Egli muore nel 1944 ad Oslo.
Munch matura un pensiero fortemente negativo di cui le teorie anticipano di un decennio le basi dell’Espressionismo.
Rifiuterà la pittura en plein air dichiarando che “non dipingo mai ciò che vedo ma solo ciò che ho visto”.
Nel 1892 espone a Berlino cinquanta dipinti, ma dopo solo una settimana la mostra viene sospesa a seguito del drastico giudizio della critica: “un insulto all’arte”.
Il regime hitleriano, inoltre, definirà 82 delle sue opere “degenerate” ordinandone il ritiro dai musei o, addirittura, la loro distruzione.
Edvard vedeva la realtà attraverso il senso angoscioso della morte.
Il messaggio più angosciante lo trasmette attraverso “L'urlo“.
Il dipinto fa parte della narrazione ciclica “Il Fregio della vita”, composta da molte tele suddivise in quattro temi: La nascita dell’amore, La fioritura e la dissoluzione dell’amore, La paura di vivere, La morte.
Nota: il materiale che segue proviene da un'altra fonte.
(* $\mathsf{LC}$ is decidable: there is an algorithm deciding, for any modal proposition $A$, whether $\mathsf{LC}\vdash A$.
   Context: Modal language: propositional variables, $\bot$, $\wedge,\vee,\to$, $\Box$. $\mathsf{iGL}$: intuitionistic propositional logic in the modal language plus $\Box(A\to B)\to(\Box A\to\Box B)$, $\Box A\to\Box\Box A$, $\Box(\Box A\to A)\to\Box A$, closed under modus ponens and necessitation. $\mathsf{LC}:=\mathsf{iGL}+\{A\to\Box A\}$. *)

theory Defs
  imports Main "HOL-Library.Nat_Bijection"
begin

datatype form =
    Var nat
  | Bot
  | And form form
  | Or form form
  | Imp form form
  | Box form

inductive LC_prf :: "form \<Rightarrow> bool" where
  ax_K:    "LC_prf (Imp A (Imp B A))"
| ax_S:    "LC_prf (Imp (Imp A (Imp B C)) (Imp (Imp A B) (Imp A C)))"
| ax_and1: "LC_prf (Imp (And A B) A)"
| ax_and2: "LC_prf (Imp (And A B) B)"
| ax_andI: "LC_prf (Imp A (Imp B (And A B)))"
| ax_or1:  "LC_prf (Imp A (Or A B))"
| ax_or2:  "LC_prf (Imp B (Or A B))"
| ax_orE:  "LC_prf (Imp (Imp A C) (Imp (Imp B C) (Imp (Or A B) C)))"
| ax_efq:  "LC_prf (Imp Bot A)"
| ax_boxK: "LC_prf (Imp (Box (Imp A B)) (Imp (Box A) (Box B)))"
| ax_box4: "LC_prf (Imp (Box A) (Box (Box A)))"
| ax_lob:  "LC_prf (Imp (Box (Imp (Box A) A)) (Box A))"
| ax_comp: "LC_prf (Imp A (Box A))"
| mp:      "LC_prf (Imp A B) \<Longrightarrow> LC_prf A \<Longrightarrow> LC_prf B"
| nec:     "LC_prf A \<Longrightarrow> LC_prf (Box A)"

fun enc :: "form \<Rightarrow> nat" where
  "enc (Var n) = prod_encode (0, n)"
| "enc Bot = prod_encode (1, 0)"
| "enc (And a b) = prod_encode (2, prod_encode (enc a, enc b))"
| "enc (Or a b) = prod_encode (3, prod_encode (enc a, enc b))"
| "enc (Imp a b) = prod_encode (4, prod_encode (enc a, enc b))"
| "enc (Box a) = prod_encode (5, enc a)"

section \<open>Partial (mu-)recursive functions as the model of algorithm\<close>

datatype recf =
    Zero
  | Succ
  | Proj nat
  | Comp recf "recf list"
  | Prim recf recf
  | Mn recf

inductive rec_eval :: "recf \<Rightarrow> nat list \<Rightarrow> nat \<Rightarrow> bool" where
  ev_zero: "rec_eval Zero xs 0"
| ev_succ: "rec_eval Succ (x # xs) (Suc x)"
| ev_proj: "i < length xs \<Longrightarrow> rec_eval (Proj i) xs (xs ! i)"
| ev_comp: "length ys = length gs \<Longrightarrow> (\<forall>i < length gs. rec_eval (gs ! i) xs (ys ! i))
             \<Longrightarrow> rec_eval f ys z \<Longrightarrow> rec_eval (Comp f gs) xs z"
| ev_prim0: "rec_eval f xs y \<Longrightarrow> rec_eval (Prim f g) (0 # xs) y"
| ev_primS: "rec_eval (Prim f g) (n # xs) y \<Longrightarrow> rec_eval g (n # y # xs) z
             \<Longrightarrow> rec_eval (Prim f g) (Suc n # xs) z"
| ev_mn: "rec_eval f (n # xs) 0 \<Longrightarrow> (\<forall>m < n. \<exists>y. rec_eval f (m # xs) y \<and> y \<noteq> 0)
             \<Longrightarrow> rec_eval (Mn f) xs n"

definition decidable_forms :: "(form \<Rightarrow> bool) \<Rightarrow> bool" where
  "decidable_forms P \<longleftrightarrow>
     (\<exists>f. \<forall>A. rec_eval f [enc A] (if P A then 1 else 0))"

end

(*
  LC is sound for finite Kripke models (W, \<le>, R, V) in which R is transitive, irreflexive,
  contained in \<le> and closed under composition with \<le> on the left. Conversely, if A is not
  provable, the prime theories inside the subformulas of A form a finite countermodel, with
  G R H iff H properly extends G and contains C whenever \<box>C \<in> G: the axiom A \<rightarrow> \<box>A lets
  Loeb's axiom act inside G itself. Coding worlds as sets of codes of subformulas, A is
  provable iff it is forced in each of the boundedly many coded models determined by enc A.
  Forcing in a coded model is a table computed row by row along the codes of subformulas, so
  the whole test is a primitive recursive function of enc A.
*)
theory Submission
  imports Defs
begin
L'urlo appartiene a La paura di vivere.
E’ stato realizzato nel 1893 ed in seguito anche riproposto in altre versioni.
Il dipinto autobiografico rappresenta un uomo in primo piano: al posto della testa ha un enorme cranio privo di capelli come fosse un sopravvissuto ad una carestia, gli occhi sbarrati sembrano aver visto qualcosa di ripugnante, mentre le labbra bluastre rimandano alla morte.
L’uomo esprime il dramma dell’umanità ed il ponte rappresenta gli innumerevoli ostacoli che ognuno deve superare durante la propria vita.
Gli amici, che continuano a camminare noncuranti, simboleggiano la falsità dei rapporti umani.
L'urlo trasmette l’angoscia propria dell’artista. E’ l’urlo di chi si è perso dentro sé e si sente solo, anche in mezzo alla gente. E’ puro espressionismo pittorico.